Source data Start Marker
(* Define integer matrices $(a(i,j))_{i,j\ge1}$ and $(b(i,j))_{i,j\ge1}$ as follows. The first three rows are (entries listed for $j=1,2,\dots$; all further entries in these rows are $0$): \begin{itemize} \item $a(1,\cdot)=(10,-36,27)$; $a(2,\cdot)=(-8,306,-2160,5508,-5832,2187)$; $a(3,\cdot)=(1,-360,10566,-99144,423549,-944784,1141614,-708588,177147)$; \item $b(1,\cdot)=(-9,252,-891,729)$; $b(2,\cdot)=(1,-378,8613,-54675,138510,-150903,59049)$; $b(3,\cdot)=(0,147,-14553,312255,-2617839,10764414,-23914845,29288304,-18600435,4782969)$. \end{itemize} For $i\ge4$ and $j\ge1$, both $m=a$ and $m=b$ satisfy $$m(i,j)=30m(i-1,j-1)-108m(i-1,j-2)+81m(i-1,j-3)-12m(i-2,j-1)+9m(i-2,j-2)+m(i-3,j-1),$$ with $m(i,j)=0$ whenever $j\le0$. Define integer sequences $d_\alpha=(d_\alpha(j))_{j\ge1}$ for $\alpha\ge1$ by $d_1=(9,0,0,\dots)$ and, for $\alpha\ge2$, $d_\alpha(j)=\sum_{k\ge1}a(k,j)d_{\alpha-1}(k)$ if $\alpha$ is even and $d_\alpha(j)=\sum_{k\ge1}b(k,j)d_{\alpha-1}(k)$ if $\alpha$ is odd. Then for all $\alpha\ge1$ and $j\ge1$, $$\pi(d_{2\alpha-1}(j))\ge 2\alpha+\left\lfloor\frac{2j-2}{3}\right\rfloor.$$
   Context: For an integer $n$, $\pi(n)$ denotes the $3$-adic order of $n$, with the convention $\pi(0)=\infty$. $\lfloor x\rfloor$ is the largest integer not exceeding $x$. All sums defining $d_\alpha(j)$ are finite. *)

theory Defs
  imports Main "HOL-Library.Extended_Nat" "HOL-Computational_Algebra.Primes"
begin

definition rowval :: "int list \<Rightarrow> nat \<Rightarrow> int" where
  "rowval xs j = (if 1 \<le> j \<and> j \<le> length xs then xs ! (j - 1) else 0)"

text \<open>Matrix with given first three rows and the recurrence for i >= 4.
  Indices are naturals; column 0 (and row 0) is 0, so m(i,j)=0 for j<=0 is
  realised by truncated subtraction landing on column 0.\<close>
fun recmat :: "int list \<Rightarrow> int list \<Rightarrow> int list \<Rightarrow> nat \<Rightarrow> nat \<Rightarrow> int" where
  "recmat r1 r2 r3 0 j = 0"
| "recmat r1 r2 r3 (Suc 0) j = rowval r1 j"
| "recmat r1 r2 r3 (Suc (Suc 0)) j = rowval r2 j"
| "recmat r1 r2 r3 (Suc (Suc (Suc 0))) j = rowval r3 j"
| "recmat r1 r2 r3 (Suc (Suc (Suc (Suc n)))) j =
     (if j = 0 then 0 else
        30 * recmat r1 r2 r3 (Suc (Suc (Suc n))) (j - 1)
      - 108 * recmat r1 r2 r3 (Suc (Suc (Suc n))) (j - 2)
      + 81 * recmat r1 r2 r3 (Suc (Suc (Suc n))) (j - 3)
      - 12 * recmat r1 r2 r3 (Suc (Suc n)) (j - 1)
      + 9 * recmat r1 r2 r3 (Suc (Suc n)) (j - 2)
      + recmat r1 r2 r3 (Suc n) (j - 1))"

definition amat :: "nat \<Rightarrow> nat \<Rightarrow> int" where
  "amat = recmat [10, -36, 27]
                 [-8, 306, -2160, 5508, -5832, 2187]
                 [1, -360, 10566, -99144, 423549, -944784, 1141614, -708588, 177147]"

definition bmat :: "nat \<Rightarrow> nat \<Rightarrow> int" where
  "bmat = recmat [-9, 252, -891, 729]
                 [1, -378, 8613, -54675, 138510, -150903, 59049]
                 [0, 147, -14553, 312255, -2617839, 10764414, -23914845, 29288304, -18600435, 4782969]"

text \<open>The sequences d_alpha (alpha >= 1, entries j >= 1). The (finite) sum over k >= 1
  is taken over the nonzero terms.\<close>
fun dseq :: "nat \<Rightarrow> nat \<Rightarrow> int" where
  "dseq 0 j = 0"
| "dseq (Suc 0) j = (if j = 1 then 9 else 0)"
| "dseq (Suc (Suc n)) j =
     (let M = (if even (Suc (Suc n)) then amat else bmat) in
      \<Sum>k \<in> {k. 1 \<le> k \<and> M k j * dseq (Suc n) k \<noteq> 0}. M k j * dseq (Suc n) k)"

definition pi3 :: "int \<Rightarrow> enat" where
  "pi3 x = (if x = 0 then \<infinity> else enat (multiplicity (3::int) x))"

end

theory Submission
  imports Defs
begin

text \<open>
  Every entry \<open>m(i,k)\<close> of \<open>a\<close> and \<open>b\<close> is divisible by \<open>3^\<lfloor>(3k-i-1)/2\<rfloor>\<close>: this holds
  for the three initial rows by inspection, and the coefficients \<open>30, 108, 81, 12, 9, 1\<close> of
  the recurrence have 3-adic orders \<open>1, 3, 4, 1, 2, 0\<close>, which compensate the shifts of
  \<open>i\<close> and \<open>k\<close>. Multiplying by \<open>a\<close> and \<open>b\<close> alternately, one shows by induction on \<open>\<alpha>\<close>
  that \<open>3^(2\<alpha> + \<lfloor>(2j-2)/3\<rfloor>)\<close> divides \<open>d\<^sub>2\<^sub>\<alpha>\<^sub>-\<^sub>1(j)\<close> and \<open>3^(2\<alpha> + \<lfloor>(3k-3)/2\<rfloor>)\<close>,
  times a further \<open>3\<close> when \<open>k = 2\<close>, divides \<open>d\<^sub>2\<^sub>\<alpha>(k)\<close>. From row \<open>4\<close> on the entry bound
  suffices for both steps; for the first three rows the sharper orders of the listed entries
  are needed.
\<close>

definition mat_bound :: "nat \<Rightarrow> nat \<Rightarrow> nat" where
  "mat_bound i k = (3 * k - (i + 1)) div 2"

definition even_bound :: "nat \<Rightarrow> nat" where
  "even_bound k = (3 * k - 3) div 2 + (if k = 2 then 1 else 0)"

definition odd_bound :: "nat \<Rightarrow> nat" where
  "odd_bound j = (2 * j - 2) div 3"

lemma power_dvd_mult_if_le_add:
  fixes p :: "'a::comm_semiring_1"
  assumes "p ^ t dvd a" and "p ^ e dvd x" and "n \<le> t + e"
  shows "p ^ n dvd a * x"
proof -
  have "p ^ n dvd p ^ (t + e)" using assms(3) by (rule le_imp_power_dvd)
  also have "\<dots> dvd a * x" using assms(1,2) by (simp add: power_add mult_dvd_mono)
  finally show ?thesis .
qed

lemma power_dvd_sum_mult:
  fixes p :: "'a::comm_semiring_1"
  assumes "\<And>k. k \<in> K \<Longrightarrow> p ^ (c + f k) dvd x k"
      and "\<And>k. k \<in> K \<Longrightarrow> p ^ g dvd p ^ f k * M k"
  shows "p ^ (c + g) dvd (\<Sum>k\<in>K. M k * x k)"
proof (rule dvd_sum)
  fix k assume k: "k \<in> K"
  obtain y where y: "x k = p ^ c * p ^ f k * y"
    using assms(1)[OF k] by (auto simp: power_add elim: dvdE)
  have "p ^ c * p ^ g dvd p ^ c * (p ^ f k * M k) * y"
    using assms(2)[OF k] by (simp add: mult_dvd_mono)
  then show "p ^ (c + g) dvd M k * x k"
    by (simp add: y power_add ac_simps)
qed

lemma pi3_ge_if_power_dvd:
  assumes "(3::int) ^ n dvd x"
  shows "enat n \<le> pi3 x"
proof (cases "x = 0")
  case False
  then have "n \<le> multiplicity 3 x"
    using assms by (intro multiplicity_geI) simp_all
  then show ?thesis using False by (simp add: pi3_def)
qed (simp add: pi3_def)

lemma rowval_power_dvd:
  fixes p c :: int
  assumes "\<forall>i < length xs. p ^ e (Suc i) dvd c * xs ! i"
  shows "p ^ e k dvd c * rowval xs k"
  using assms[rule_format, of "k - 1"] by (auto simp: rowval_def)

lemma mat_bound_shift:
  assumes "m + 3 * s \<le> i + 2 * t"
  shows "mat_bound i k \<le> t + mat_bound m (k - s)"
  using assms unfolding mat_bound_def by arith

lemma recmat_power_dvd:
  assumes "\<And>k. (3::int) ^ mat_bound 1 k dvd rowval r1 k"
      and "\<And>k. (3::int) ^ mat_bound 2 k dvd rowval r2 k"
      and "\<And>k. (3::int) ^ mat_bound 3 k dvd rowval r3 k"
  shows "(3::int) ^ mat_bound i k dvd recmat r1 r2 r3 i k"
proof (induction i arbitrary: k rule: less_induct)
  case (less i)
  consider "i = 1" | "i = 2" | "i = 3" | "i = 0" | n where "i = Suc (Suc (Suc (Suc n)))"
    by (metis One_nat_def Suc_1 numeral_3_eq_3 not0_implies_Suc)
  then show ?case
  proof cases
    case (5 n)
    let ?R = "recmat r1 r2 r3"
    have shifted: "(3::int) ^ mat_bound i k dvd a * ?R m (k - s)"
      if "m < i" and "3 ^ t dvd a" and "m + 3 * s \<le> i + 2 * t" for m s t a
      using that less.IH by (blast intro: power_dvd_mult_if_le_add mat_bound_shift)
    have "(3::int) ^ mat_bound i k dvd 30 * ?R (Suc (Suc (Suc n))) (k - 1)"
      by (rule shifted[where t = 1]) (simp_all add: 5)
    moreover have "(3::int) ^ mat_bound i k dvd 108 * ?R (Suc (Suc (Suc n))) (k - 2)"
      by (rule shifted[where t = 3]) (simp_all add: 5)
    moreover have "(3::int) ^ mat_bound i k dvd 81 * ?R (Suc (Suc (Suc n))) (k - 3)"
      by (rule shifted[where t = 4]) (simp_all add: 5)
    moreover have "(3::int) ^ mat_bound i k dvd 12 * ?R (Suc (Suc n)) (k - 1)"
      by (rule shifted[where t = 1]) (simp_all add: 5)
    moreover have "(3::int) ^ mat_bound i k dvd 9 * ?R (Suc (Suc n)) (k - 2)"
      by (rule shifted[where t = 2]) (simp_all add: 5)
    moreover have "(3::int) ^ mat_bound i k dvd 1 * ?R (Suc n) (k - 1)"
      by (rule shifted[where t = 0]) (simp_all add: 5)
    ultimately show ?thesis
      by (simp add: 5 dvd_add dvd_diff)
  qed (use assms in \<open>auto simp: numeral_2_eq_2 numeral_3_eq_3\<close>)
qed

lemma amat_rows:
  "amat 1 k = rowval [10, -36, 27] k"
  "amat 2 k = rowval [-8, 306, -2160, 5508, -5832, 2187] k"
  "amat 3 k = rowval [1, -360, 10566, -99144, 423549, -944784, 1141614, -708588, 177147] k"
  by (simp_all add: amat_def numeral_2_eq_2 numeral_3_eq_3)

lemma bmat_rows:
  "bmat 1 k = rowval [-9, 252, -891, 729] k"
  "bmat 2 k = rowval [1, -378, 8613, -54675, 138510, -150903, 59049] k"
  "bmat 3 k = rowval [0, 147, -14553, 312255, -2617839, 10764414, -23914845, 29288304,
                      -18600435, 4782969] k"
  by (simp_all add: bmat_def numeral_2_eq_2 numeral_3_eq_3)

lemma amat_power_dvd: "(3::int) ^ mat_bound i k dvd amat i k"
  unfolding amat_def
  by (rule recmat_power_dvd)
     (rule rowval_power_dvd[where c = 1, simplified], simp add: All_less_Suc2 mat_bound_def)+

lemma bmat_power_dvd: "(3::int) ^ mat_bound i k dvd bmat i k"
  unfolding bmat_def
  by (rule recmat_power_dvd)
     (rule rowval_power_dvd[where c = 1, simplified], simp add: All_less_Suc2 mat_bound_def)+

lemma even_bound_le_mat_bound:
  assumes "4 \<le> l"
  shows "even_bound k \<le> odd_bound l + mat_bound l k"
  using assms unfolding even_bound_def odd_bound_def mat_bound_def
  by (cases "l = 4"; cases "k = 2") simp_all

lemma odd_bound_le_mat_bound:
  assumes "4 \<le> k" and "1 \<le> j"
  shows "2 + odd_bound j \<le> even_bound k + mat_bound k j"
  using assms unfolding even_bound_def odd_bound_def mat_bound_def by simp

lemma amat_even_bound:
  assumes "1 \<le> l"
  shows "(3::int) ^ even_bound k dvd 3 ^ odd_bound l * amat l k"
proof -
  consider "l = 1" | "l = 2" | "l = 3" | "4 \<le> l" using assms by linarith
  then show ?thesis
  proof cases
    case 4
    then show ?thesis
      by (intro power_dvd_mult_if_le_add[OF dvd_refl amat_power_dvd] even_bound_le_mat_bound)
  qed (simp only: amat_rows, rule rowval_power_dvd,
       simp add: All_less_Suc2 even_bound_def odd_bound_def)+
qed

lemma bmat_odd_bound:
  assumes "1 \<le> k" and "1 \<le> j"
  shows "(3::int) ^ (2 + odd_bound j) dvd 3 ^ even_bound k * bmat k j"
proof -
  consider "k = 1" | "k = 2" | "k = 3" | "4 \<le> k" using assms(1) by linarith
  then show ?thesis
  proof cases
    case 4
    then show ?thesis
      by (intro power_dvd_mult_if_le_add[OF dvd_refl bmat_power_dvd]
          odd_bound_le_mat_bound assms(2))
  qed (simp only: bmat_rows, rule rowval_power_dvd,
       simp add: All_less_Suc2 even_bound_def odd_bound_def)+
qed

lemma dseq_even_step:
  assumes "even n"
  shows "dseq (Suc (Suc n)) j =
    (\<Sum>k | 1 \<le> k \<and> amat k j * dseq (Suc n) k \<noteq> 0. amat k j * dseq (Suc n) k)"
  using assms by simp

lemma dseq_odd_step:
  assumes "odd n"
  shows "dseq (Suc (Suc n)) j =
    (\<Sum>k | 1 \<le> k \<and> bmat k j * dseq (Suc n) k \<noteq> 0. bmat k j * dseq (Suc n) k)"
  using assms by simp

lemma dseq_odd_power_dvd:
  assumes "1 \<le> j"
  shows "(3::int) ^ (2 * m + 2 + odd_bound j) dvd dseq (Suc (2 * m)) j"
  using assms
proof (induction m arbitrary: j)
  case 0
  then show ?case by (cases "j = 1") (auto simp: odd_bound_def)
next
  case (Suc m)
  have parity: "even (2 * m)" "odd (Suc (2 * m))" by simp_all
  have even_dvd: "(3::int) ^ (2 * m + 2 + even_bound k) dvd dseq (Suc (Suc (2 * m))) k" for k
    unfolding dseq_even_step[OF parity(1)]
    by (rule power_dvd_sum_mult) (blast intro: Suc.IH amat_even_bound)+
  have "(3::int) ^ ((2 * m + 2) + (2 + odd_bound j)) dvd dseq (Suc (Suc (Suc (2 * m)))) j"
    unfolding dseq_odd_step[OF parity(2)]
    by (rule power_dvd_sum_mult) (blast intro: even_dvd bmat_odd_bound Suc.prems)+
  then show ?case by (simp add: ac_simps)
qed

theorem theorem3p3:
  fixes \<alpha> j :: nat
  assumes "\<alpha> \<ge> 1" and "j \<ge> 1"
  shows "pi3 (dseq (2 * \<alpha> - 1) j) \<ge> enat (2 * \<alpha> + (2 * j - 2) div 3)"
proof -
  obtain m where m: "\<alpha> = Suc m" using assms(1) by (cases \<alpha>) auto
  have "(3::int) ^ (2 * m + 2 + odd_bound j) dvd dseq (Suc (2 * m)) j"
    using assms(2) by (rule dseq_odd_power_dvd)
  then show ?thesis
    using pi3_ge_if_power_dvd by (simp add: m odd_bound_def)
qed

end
Source data End Marker
__Your assignment__:
Using the data above, print exactly the lines from the line that contains "fixes p c :: int" through the line that contains "dvd 30 * ?R", with both included.

__Answer space__:
  fixes p c :: int
  assumes "\<forall>i < length xs. p ^ e (Suc i) dvd c * xs ! i"
  shows "p ^ e k dvd c * rowval xs k"
  using assms[rule_format, of "k - 1"] by (auto simp: rowval_def)

lemma mat_bound_shift:
  assumes "m + 3 * s \<le> i + 2 * t"
  shows "mat_bound i k \<le> t + mat_bound m (k - s)"
  using assms unfolding mat_bound_def by arith

lemma recmat_power_dvd:
  assumes "\<And>k. (3::int) ^ mat_bound 1 k dvd rowval r1 k"
      and "\<And>k. (3::int) ^ mat_bound 2 k dvd rowval r2 k"
      and "\<And>k. (3::int) ^ mat_bound 3 k dvd rowval r3 k"
  shows "(3::int) ^ mat_bound i k dvd recmat r1 r2 r3 i k"
proof (induction i arbitrary: k rule: less_induct)
  case (less i)
  consider "i = 1" | "i = 2" | "i = 3" | "i = 0" | n where "i = Suc (Suc (Suc (Suc n)))"
    by (metis One_nat_def Suc_1 numeral_3_eq_3 not0_implies_Suc)
  then show ?case
  proof cases
    case (5 n)
    let ?R = "recmat r1 r2 r3"
    have shifted: "(3::int) ^ mat_bound i k dvd a * ?R m (k - s)"
      if "m < i" and "3 ^ t dvd a" and "m + 3 * s \<le> i + 2 * t" for m s t a
      using that less.IH by (blast intro: power_dvd_mult_if_le_add mat_bound_shift)
    have "(3::int) ^ mat_bound i k dvd 30 * ?R (Suc (Suc (Suc n))) (k - 1)"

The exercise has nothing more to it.